Task requirements = First find the line with "using continuous_attains_inf by blast" in the entries below, then set down exactly every line through the line with "by (auto intro!: derivative_eq_intros", that line included.

Given data =
lemma E_path_subpath:
  assumes m: "0 < m" "a + m = b + 1" and "b < n" and W: "\<forall>i<n - 1. 0 \<le> w i \<and> w i \<le> 1"
  shows "E_path m (\<lambda>i. w (i + a)) = suminf (path_tail n w a b)"
proof -
  let ?w = "\<lambda>i. w (i + a)"
  have shifted: "tail_recurrence ?w (\<lambda>x y k. path_tail n w (x + a) (y + a) k) (n - a)"
    by (rule tail_recurrence_shift[OF tail_recurrence_path_tail[OF W]])
  have "\<forall>i<m - 1. 0 \<le> ?w i \<and> ?w i \<le> 1" using W m \<open>b < n\<close> by simp
  then have sub: "tail_recurrence ?w (path_tail m ?w) m" by (rule tail_recurrence_path_tail)
  have "m - 1 < n - a" "m - 1 < m" "m - 1 + a = b" using m \<open>b < n\<close> by auto
  then have "path_tail m ?w 0 (m - 1) = path_tail n w a b"
    using tail_recurrence_unique[OF sub shifted, of "m - 1" 0] by auto
  then show ?thesis using E_path_eq_suminf[OF m(1), of ?w] by simp
qed

lemma E_path_eq_0_if_le_2:
  assumes "0 < n" "n \<le> 2"
  shows "E_path n w = 0"
proof -
  have "{0, n - 1} = path_V n" using assms by (auto simp: path_V_def)
  then show ?thesis by (simp add: E_path_def eptw_set_def ptw_gt_all_blue)
qed
lemma abs_le_if_sum_squares_le:
  fixes x y C :: real
  assumes "0 \<le> C" "x\<^sup>2 + y\<^sup>2 \<le> C\<^sup>2"
  shows "\<bar>x\<bar> \<le> C"
  using assms abs_le_square_iff[of x C] by (smt (verit) zero_le_power2)

lemma compact_pos_lower_bound:
  fixes h :: "'a::topological_space \<Rightarrow> real"
  assumes "compact K" "continuous_on K h" "\<And>x. x \<in> K \<Longrightarrow> 0 < h x"
  obtains \<mu> where "0 < \<mu>" "\<And>x. x \<in> K \<Longrightarrow> \<mu> \<le> h x"
proof (cases "K = {}")
  case False
  with assms obtain x0 where "x0 \<in> K" "\<forall>x\<in>K. h x0 \<le> h x"
    using continuous_attains_inf by blast
  with assms that show ?thesis by blast
next
  case True
  then show ?thesis
    using that[of 1] by simp
qed

lemma surf_int_Sa_theta_independent:
  "surf_int_Sa w z l F a (\<lambda>t \<theta>. g t)
     = 2 * pi * integral {0..l} (\<lambda>t. g t * a\<^sup>2 * D_fun w z F t * w t)"
proof -
  have "integral {0..2 * pi} (\<lambda>\<theta>. g t * a\<^sup>2 * D_fun w z F t * w t)
      = 2 * pi * (g t * a\<^sup>2 * D_fun w z F t * w t)" for t
    by simp
  then show ?thesis
    unfolding surf_int_Sa_def by (simp only: integral_mult_right)
qed

lemma arctan_comp_has_integral:
  fixes g :: "real \<Rightarrow> real"
  assumes "a \<le> b" and diff: "\<And>t. g differentiable (at t)"
  shows "((\<lambda>t. F * deriv g t / (1 + (F * g t)\<^sup>2)) has_integral
           arctan (F * g b) - arctan (F * g a)) {a..b}"
proof (rule fundamental_theorem_of_calculus[OF \<open>a \<le> b\<close>])
  fix t
  have "(g has_real_derivative deriv g t) (at t)"
    using diff DERIV_deriv_iff_real_differentiable by blast
  then have "((\<lambda>t. arctan (F * g t)) has_real_derivative F * deriv g t / (1 + (F * g t)\<^sup>2)) (at t)"
    by (auto intro!: derivative_eq_intros simp: field_simps power_mult_distrib)
  then show "((\<lambda>t. arctan (F * g t)) has_vector_derivative F * deriv g t / (1 + (F * g t)\<^sup>2))
      (at t within {a..b})"
    by (simp add: has_real_derivative_iff_has_vector_derivative has_vector_derivative_at_within)
qed

lemma first_integrand_le_far_from_equator:
  fixes F w z d M :: real
  assumes "1 \<le> F" "0 < d" "d < \<bar>z\<bar>" "w \<le> M" "0 \<le> M"
  shows "F * w / (w\<^sup>2 + (F * z)\<^sup>2)\<^sup>2 \<le> M / d ^ 4"
proof -
  have "(F * d)\<^sup>2 \<le> (F * z)\<^sup>2"
    using assms abs_le_square_iff[of "F * d" "F * z"] by (auto simp: abs_mult)
  then have "(F * d)\<^sup>2 \<le> w\<^sup>2 + (F * z)\<^sup>2"
    by (smt (verit) zero_le_power2)
  then have "((F * d)\<^sup>2)\<^sup>2 \<le> (w\<^sup>2 + (F * z)\<^sup>2)\<^sup>2"
    by (intro power_mono) auto
  moreover have "F * d ^ 4 \<le> ((F * d)\<^sup>2)\<^sup>2"
    using power_increasing[of 1 4 F] assms
    by (simp add: power_mult_distrib flip: power_mult)
  ultimately have den: "F * d ^ 4 \<le> (w\<^sup>2 + (F * z)\<^sup>2)\<^sup>2"
    by linarith
  have "F * w / (w\<^sup>2 + (F * z)\<^sup>2)\<^sup>2 \<le> F * M / (w\<^sup>2 + (F * z)\<^sup>2)\<^sup>2"
    using assms by (intro divide_right_mono) auto
  also have "\<dots> \<le> F * M / (F * d ^ 4)"
    using den assms by (intro divide_left_mono mult_pos_pos) auto
  finally show ?thesis
    using assms by simp
qed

Response =
    using continuous_attains_inf by blast
  with assms that show ?thesis by blast
next
  case True
  then show ?thesis
    using that[of 1] by simp
qed

lemma surf_int_Sa_theta_independent:
  "surf_int_Sa w z l F a (\<lambda>t \<theta>. g t)
     = 2 * pi * integral {0..l} (\<lambda>t. g t * a\<^sup>2 * D_fun w z F t * w t)"
proof -
  have "integral {0..2 * pi} (\<lambda>\<theta>. g t * a\<^sup>2 * D_fun w z F t * w t)
      = 2 * pi * (g t * a\<^sup>2 * D_fun w z F t * w t)" for t
    by simp
  then show ?thesis
    unfolding surf_int_Sa_def by (simp only: integral_mult_right)
qed

lemma arctan_comp_has_integral:
  fixes g :: "real \<Rightarrow> real"
  assumes "a \<le> b" and diff: "\<And>t. g differentiable (at t)"
  shows "((\<lambda>t. F * deriv g t / (1 + (F * g t)\<^sup>2)) has_integral
           arctan (F * g b) - arctan (F * g a)) {a..b}"
proof (rule fundamental_theorem_of_calculus[OF \<open>a \<le> b\<close>])
  fix t
  have "(g has_real_derivative deriv g t) (at t)"
    using diff DERIV_deriv_iff_real_differentiable by blast
  then have "((\<lambda>t. arctan (F * g t)) has_real_derivative F * deriv g t / (1 + (F * g t)\<^sup>2)) (at t)"
    by (auto intro!: derivative_eq_intros simp: field_simps power_mult_distrib)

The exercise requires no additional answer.